**TASK DIRECTIONS**: The answer must be every line of the data that holds the word "paths".
===== DATA PROVIDED =====
(* Suppose $x\in X$ has $\deg(x)=i<\infty$ and fix any integer $n>i$. Then for every $m\geq0$ we have $\min_{j\geq m}\deg\big(T^j(x)_n\big)\leq i+1$.
   Context: Paths and cycles: a graph is $G=(V,E)$ with $V$ finite and $E\subset V\times V$. A path is a finite sequence of vertices $(u_0,\dots,u_L)$ with $(u_j,u_{j+1})\in E$; its length is $|\cdot|=L$; a cycle is a path with $u_0=u_L$. For paths where one ends where the next starts, $+$ denotes concatenation and $a\,c$ means the cycle $c$ traversed $a$ times. Construction: $G_0=(V_0,E_0)$ with $V_0=\{v_{0,0}\}$, $E_0=\{e_{0,0}\}$, $e_{0,0}=(v_{0,0},v_{0,0})$. For $n\geq1$, $G_n=(V_n,E_n)$ consists of a vertex $v_{n,0}$, the loop $e_{n,0}=(v_{n,0},v_{n,0})$, and $n$ cycles $c_{n,1},\dots,c_{n,n}$, each starting and ending at $v_{n,0}$, whose vertices other than $v_{n,0}$ are pairwise distinct (within each cycle and across cycles); $V_n$ is the set of all these vertices and $E_n$ consists of $e_{n,0}$ and the edges of the cycles. The maps $\varphi_n\colon V_{n+1}\to V_n$ and the lengths of the cycles $c_{n+1,i}$ are defined together: $\varphi_n(v_{n+1,0})=v_{n,0}$, and for each $i$ a path $P_{n,i}$ in $G_n$ from $v_{n,0}$ to $v_{n,0}$ is given; $c_{n+1,i}$ has length $|P_{n,i}|$ and $\varphi_n$ maps its $j$-th vertex to the $j$-th vertex of $P_{n,i}$ (written $\varphi_n(c_{n+1,i})=P_{n,i}$). The paths are: $P_{0,1}=10\,e_{0,0}$; for $n\geq1$: $P_{n,i}=e_{n,0}+2c_{n,i}+2c_{n,i+1}+\dots+2c_{n,n}+e_{n,0}$ for $2\leq i\leq n$; $P_{n,n+1}=(n+2)^2\big(\sum_{i=1}^n|c_{n,i}|\big)\,e_{n,0}$; and $P_{n,1}=(1\,e_{n,0}+2c_{n,1})+(2\,e_{n,0}+2c_{n,1})+\dots+(k_n\,e_{n,0}+2c_{n,1})+e_{n,0}+2c_{n,2}+\dots+2c_{n,n}+e_{n,0}$, where $k_n=2\big(1+\sum_{i=1}^n|c_{n,i}|\big)$. Let $X=\{x\in\prod_{n\geq0}V_n:\varphi_n(x_{n+1})=x_n\ \forall n\}$ with metric $d(x,y)=2^{-\min\{i:x_i\neq y_i\}}$ ($d(x,x)=0$); $X$ is a compact zero-dimensional metric space, and $T\colon X\to X$ defined by $T(x)=y$ iff $(x_n,y_n)\in E_n$ for all $n$ is a well-defined homeomorphism. Write $x_n$ for the $n$-th coordinate of $x$. Degree: for $v\in V_n$, $\deg(v)=+\infty$ if $v=v_{n,0}$ and $\deg(v)=i$ if $v$ is a vertex of $c_{n,i}$ different from $v_{n,0}$; for $x\in X$, $\deg(x)=\min_n\deg(x_n)$. *)

theory Defs
  imports Main "HOL-Library.Extended_Nat"
begin

text \<open>Vertex encoding: in G_n the base vertex v_{n,0} is (0,0); the j-th vertex
(1 <= j < |c_{n,i}|) of the cycle c_{n,i} is (i,j).  A closed path from v_{n,0}
of length L is encoded by its list of the first L vertices (the final v_{n,0}
is omitted), so concatenation of closed paths is list append and |P| = length.\<close>

type_synonym vtx = "nat \<times> nat"

definition base :: vtx where "base = (0,0)"

definition cw :: "(nat \<Rightarrow> nat) \<Rightarrow> nat \<Rightarrow> vtx list" where
  "cw l i = base # map (\<lambda>j. (i,j)) [1..<l i]"

definition Pw :: "nat \<Rightarrow> (nat \<Rightarrow> nat) \<Rightarrow> nat \<Rightarrow> vtx list" where
  "Pw n l i =
    (if n = 0 then (if i = 1 then replicate 10 base else [])
     else
       (let S = (\<Sum>k=1..n. l k); kn = 2 * (1 + S) in
        if i = n + 1 then replicate ((n+2)^2 * S) base
        else if 2 \<le> i \<and> i \<le> n then
          [base] @ concat (map (\<lambda>k. cw l k @ cw l k) [i..<n+1]) @ [base]
        else if i = 1 then
          concat (map (\<lambda>a. replicate a base @ cw l 1 @ cw l 1) [1..<kn+1])
          @ [base] @ concat (map (\<lambda>k. cw l k @ cw l k) [2..<n+1]) @ [base]
        else []))"

text \<open>lenf n i = |c_{n,i}| (for 1 <= i <= n).\<close>
primrec lenf :: "nat \<Rightarrow> nat \<Rightarrow> nat" where
  "lenf 0 = (\<lambda>i. 0)"
| "lenf (Suc n) = (\<lambda>i. length (Pw n (lenf n) i))"

definition Vs :: "nat \<Rightarrow> vtx set" where
  "Vs n = insert base {(i,j). 1 \<le> i \<and> i \<le> n \<and> 1 \<le> j \<and> j < lenf n i}"

definition Es :: "nat \<Rightarrow> (vtx \<times> vtx) set" where
  "Es n = insert (base, base)
     {(cw (lenf n) i ! j, cw (lenf n) i ! (Suc j mod length (cw (lenf n) i))) | i j.
        1 \<le> i \<and> i \<le> n \<and> j < length (cw (lenf n) i)}"

definition phi :: "nat \<Rightarrow> vtx \<Rightarrow> vtx" where
  "phi n v = (if v = base then base else Pw n (lenf n) (fst v) ! snd v)"

definition Xs :: "(nat \<Rightarrow> vtx) set" where
  "Xs = {x. \<forall>n. x n \<in> Vs n \<and> phi n (x (Suc n)) = x n}"

definition Tmap :: "(nat \<Rightarrow> vtx) \<Rightarrow> (nat \<Rightarrow> vtx)" where
  "Tmap x = (THE y. y \<in> Xs \<and> (\<forall>n. (x n, y n) \<in> Es n))"

definition degv :: "vtx \<Rightarrow> enat" where
  "degv v = (if v = base then \<infinity> else enat (fst v))"

definition degX :: "(nat \<Rightarrow> vtx) \<Rightarrow> enat" where
  "degX x = (INF n. degv (x n))"

end

theory Submission
  imports Defs
begin

text \<open>Since \<open>deg x = i\<close>, from some level \<open>K\<close> on every coordinate \<open>x_k\<close> lies on the cycle
  \<open>c_{k,i}\<close>, and the number of steps before \<open>x_k\<close> returns to \<open>v_{k,0}\<close> grows strictly with \<open>k\<close>.
  So at a level \<open>M \<ge> n\<close> high enough, the orbit of \<open>x\<close> runs along \<open>c_{M+1,i}\<close> for at least \<open>m\<close>
  steps, while its image in \<open>G_M\<close> follows \<open>P_{M,i}\<close>; after its last passage through \<open>c_{M,i}\<close> this
  path enters \<open>c_{M,i+1}\<close>. From the first vertex of \<open>c_{M,i+1}\<close> every further step of \<open>T\<close> carries
  this entry point one level down, until the orbit reaches a vertex of degree \<open>i+1\<close> at level \<open>n\<close>.\<close>

lemma length_cw: "1 \<le> l a \<Longrightarrow> length (cw l a) = l a"
  by (simp add: cw_def)

lemma nth_cw_0 [simp]: "cw l a ! 0 = base"
  by (simp add: cw_def)

lemma nth_cw: "1 \<le> j \<Longrightarrow> j < l a \<Longrightarrow> cw l a ! j = (a, j)"
  by (simp add: cw_def nth_Cons')

lemma set_cw: "set (cw l a) \<subseteq> insert base {v. fst v = a}"
  by (auto simp: cw_def)

lemma pair_neq_base [simp]: "1 \<le> a \<Longrightarrow> (a, j) \<noteq> base" "1 \<le> a \<Longrightarrow> base \<noteq> (a, j)"
  by (auto simp: base_def)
=====
**RESPONSE AREA**:
   Context: Paths and cycles: a graph is $G=(V,E)$ with $V$ finite and $E\subset V\times V$. A path is a finite sequence of vertices $(u_0,\dots,u_L)$ with $(u_j,u_{j+1})\in E$; its length is $|\cdot|=L$; a cycle is a path with $u_0=u_L$. For paths where one ends where the next starts, $+$ denotes concatenation and $a\,c$ means the cycle $c$ traversed $a$ times. Construction: $G_0=(V_0,E_0)$ with $V_0=\{v_{0,0}\}$, $E_0=\{e_{0,0}\}$, $e_{0,0}=(v_{0,0},v_{0,0})$. For $n\geq1$, $G_n=(V_n,E_n)$ consists of a vertex $v_{n,0}$, the loop $e_{n,0}=(v_{n,0},v_{n,0})$, and $n$ cycles $c_{n,1},\dots,c_{n,n}$, each starting and ending at $v_{n,0}$, whose vertices other than $v_{n,0}$ are pairwise distinct (within each cycle and across cycles); $V_n$ is the set of all these vertices and $E_n$ consists of $e_{n,0}$ and the edges of the cycles. The maps $\varphi_n\colon V_{n+1}\to V_n$ and the lengths of the cycles $c_{n+1,i}$ are defined together: $\varphi_n(v_{n+1,0})=v_{n,0}$, and for each $i$ a path $P_{n,i}$ in $G_n$ from $v_{n,0}$ to $v_{n,0}$ is given; $c_{n+1,i}$ has length $|P_{n,i}|$ and $\varphi_n$ maps its $j$-th vertex to the $j$-th vertex of $P_{n,i}$ (written $\varphi_n(c_{n+1,i})=P_{n,i}$). The paths are: $P_{0,1}=10\,e_{0,0}$; for $n\geq1$: $P_{n,i}=e_{n,0}+2c_{n,i}+2c_{n,i+1}+\dots+2c_{n,n}+e_{n,0}$ for $2\leq i\leq n$; $P_{n,n+1}=(n+2)^2\big(\sum_{i=1}^n|c_{n,i}|\big)\,e_{n,0}$; and $P_{n,1}=(1\,e_{n,0}+2c_{n,1})+(2\,e_{n,0}+2c_{n,1})+\dots+(k_n\,e_{n,0}+2c_{n,1})+e_{n,0}+2c_{n,2}+\dots+2c_{n,n}+e_{n,0}$, where $k_n=2\big(1+\sum_{i=1}^n|c_{n,i}|\big)$. Let $X=\{x\in\prod_{n\geq0}V_n:\varphi_n(x_{n+1})=x_n\ \forall n\}$ with metric $d(x,y)=2^{-\min\{i:x_i\neq y_i\}}$ ($d(x,x)=0$); $X$ is a compact zero-dimensional metric space, and $T\colon X\to X$ defined by $T(x)=y$ iff $(x_n,y_n)\in E_n$ for all $n$ is a well-defined homeomorphism. Write $x_n$ for the $n$-th coordinate of $x$. Degree: for $v\in V_n$, $\deg(v)=+\infty$ if $v=v_{n,0}$ and $\deg(v)=i$ if $v$ is a vertex of $c_{n,i}$ different from $v_{n,0}$; for $x\in X$, $\deg(x)=\min_n\deg(x_n)$. *)
is omitted), so concatenation of closed paths is list append and |P| = length.\<close>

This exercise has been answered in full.